*Task requirements*: Below are some records; each one is to be set down again exactly.

Dataset entries
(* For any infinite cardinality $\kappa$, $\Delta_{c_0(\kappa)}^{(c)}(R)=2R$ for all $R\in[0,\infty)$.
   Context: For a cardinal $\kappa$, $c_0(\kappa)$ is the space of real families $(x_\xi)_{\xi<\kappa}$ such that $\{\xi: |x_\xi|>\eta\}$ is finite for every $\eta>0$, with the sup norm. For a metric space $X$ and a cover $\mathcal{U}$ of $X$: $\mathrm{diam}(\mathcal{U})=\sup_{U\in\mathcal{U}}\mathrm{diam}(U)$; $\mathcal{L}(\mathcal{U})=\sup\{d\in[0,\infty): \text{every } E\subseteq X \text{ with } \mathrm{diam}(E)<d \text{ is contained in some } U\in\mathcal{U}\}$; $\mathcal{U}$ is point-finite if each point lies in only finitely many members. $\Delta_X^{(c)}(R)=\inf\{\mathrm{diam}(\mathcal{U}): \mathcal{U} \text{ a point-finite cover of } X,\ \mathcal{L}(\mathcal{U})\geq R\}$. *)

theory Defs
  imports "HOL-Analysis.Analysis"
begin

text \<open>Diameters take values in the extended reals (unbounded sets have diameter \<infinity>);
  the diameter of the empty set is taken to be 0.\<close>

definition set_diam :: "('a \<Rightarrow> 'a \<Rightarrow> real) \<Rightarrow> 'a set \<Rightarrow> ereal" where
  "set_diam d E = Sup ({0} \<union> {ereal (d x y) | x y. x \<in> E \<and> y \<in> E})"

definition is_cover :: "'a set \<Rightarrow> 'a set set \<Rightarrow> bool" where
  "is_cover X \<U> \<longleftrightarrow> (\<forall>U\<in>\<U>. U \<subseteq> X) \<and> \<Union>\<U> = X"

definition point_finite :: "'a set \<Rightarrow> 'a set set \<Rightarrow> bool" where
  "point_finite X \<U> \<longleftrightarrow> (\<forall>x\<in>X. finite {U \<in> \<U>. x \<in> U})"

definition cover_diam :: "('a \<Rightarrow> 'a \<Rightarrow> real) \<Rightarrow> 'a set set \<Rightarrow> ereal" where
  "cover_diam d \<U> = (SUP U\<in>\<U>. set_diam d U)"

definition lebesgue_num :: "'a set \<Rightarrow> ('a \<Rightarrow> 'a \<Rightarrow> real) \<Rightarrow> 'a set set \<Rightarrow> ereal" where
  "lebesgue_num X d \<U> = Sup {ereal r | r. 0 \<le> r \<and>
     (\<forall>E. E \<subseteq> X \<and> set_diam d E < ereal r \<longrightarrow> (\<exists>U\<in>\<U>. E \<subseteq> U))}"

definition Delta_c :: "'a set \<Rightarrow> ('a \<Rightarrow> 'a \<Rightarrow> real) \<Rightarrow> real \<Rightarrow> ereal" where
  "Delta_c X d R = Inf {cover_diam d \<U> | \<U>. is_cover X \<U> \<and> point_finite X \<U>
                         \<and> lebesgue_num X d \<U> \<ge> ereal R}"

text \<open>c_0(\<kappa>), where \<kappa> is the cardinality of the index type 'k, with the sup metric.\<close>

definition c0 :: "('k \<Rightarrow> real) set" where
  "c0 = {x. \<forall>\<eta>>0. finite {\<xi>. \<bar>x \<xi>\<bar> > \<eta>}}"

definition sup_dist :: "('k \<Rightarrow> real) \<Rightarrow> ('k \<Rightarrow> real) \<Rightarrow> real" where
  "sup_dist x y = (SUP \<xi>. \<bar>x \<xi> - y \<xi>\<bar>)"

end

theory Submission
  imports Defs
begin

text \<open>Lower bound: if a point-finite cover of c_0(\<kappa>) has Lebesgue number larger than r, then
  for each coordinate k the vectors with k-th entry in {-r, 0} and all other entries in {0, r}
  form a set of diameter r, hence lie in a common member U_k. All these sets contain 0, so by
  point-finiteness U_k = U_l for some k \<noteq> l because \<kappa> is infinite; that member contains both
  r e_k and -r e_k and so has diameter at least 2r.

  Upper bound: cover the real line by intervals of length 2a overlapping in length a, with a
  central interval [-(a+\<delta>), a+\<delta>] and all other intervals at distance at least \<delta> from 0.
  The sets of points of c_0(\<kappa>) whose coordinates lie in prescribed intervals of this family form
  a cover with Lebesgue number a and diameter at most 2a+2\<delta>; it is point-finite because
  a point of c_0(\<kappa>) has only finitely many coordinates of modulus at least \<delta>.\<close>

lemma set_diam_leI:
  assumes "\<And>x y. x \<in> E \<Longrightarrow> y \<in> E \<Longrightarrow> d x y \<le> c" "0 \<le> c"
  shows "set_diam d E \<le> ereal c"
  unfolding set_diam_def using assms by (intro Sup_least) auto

*Task output*:
(* For any infinite cardinality $\kappa$, $\Delta_{c_0(\kappa)}^{(c)}(R)=2R$ for all $R\in[0,\infty)$.
   Context: For a cardinal $\kappa$, $c_0(\kappa)$ is the space of real families $(x_\xi)_{\xi<\kappa}$ such that $\{\xi: |x_\xi|>\eta\}$ is finite for every $\eta>0$, with the sup norm. For a metric space $X$ and a cover $\mathcal{U}$ of $X$: $\mathrm{diam}(\mathcal{U})=\sup_{U\in\mathcal{U}}\mathrm{diam}(U)$; $\mathcal{L}(\mathcal{U})=\sup\{d\in[0,\infty): \text{every } E\subseteq X \text{ with } \mathrm{diam}(E)<d \text{ is contained in some } U\in\mathcal{U}\}$; $\mathcal{U}$ is point-finite if each point lies in only finitely many members. $\Delta_X^{(c)}(R)=\inf\{\mathrm{diam}(\mathcal{U}): \mathcal{U} \text{ a point-finite cover of } X,\ \mathcal{L}(\mathcal{U})\geq R\}$. *)

theory Defs
  imports "HOL-Analysis.Analysis"
begin

text \<open>Diameters take values in the extended reals (unbounded sets have diameter \<infinity>);
  the diameter of the empty set is taken to be 0.\<close>

definition set_diam :: "('a \<Rightarrow> 'a \<Rightarrow> real) \<Rightarrow> 'a set \<Rightarrow> ereal" where
  "set_diam d E = Sup ({0} \<union> {ereal (d x y) | x y. x \<in> E \<and> y \<in> E})"

definition is_cover :: "'a set \<Rightarrow> 'a set set \<Rightarrow> bool" where
  "is_cover X \<U> \<longleftrightarrow> (\<forall>U\<in>\<U>. U \<subseteq> X) \<and> \<Union>\<U> = X"

definition point_finite :: "'a set \<Rightarrow> 'a set set \<Rightarrow> bool" where
  "point_finite X \<U> \<longleftrightarrow> (\<forall>x\<in>X. finite {U \<in> \<U>. x \<in> U})"

definition cover_diam :: "('a \<Rightarrow> 'a \<Rightarrow> real) \<Rightarrow> 'a set set \<Rightarrow> ereal" where
  "cover_diam d \<U> = (SUP U\<in>\<U>. set_diam d U)"

definition lebesgue_num :: "'a set \<Rightarrow> ('a \<Rightarrow> 'a \<Rightarrow> real) \<Rightarrow> 'a set set \<Rightarrow> ereal" where
  "lebesgue_num X d \<U> = Sup {ereal r | r. 0 \<le> r \<and>
     (\<forall>E. E \<subseteq> X \<and> set_diam d E < ereal r \<longrightarrow> (\<exists>U\<in>\<U>. E \<subseteq> U))}"

definition Delta_c :: "'a set \<Rightarrow> ('a \<Rightarrow> 'a \<Rightarrow> real) \<Rightarrow> real \<Rightarrow> ereal" where
  "Delta_c X d R = Inf {cover_diam d \<U> | \<U>. is_cover X \<U> \<and> point_finite X \<U>
                         \<and> lebesgue_num X d \<U> \<ge> ereal R}"

text \<open>c_0(\<kappa>), where \<kappa> is the cardinality of the index type 'k, with the sup metric.\<close>

definition c0 :: "('k \<Rightarrow> real) set" where
  "c0 = {x. \<forall>\<eta>>0. finite {\<xi>. \<bar>x \<xi>\<bar> > \<eta>}}"

definition sup_dist :: "('k \<Rightarrow> real) \<Rightarrow> ('k \<Rightarrow> real) \<Rightarrow> real" where
  "sup_dist x y = (SUP \<xi>. \<bar>x \<xi> - y \<xi>\<bar>)"

end

theory Submission
  imports Defs
begin

text \<open>Lower bound: if a point-finite cover of c_0(\<kappa>) has Lebesgue number larger than r, then
  for each coordinate k the vectors with k-th entry in {-r, 0} and all other entries in {0, r}
  form a set of diameter r, hence lie in a common member U_k. All these sets contain 0, so by
  point-finiteness U_k = U_l for some k \<noteq> l because \<kappa> is infinite; that member contains both
  r e_k and -r e_k and so has diameter at least 2r.

  Upper bound: cover the real line by intervals of length 2a overlapping in length a, with a
  central interval [-(a+\<delta>), a+\<delta>] and all other intervals at distance at least \<delta> from 0.
  The sets of points of c_0(\<kappa>) whose coordinates lie in prescribed intervals of this family form
  a cover with Lebesgue number a and diameter at most 2a+2\<delta>; it is point-finite because
  a point of c_0(\<kappa>) has only finitely many coordinates of modulus at least \<delta>.\<close>

lemma set_diam_leI:
  assumes "\<And>x y. x \<in> E \<Longrightarrow> y \<in> E \<Longrightarrow> d x y \<le> c" "0 \<le> c"
  shows "set_diam d E \<le> ereal c"
  unfolding set_diam_def using assms by (intro Sup_least) auto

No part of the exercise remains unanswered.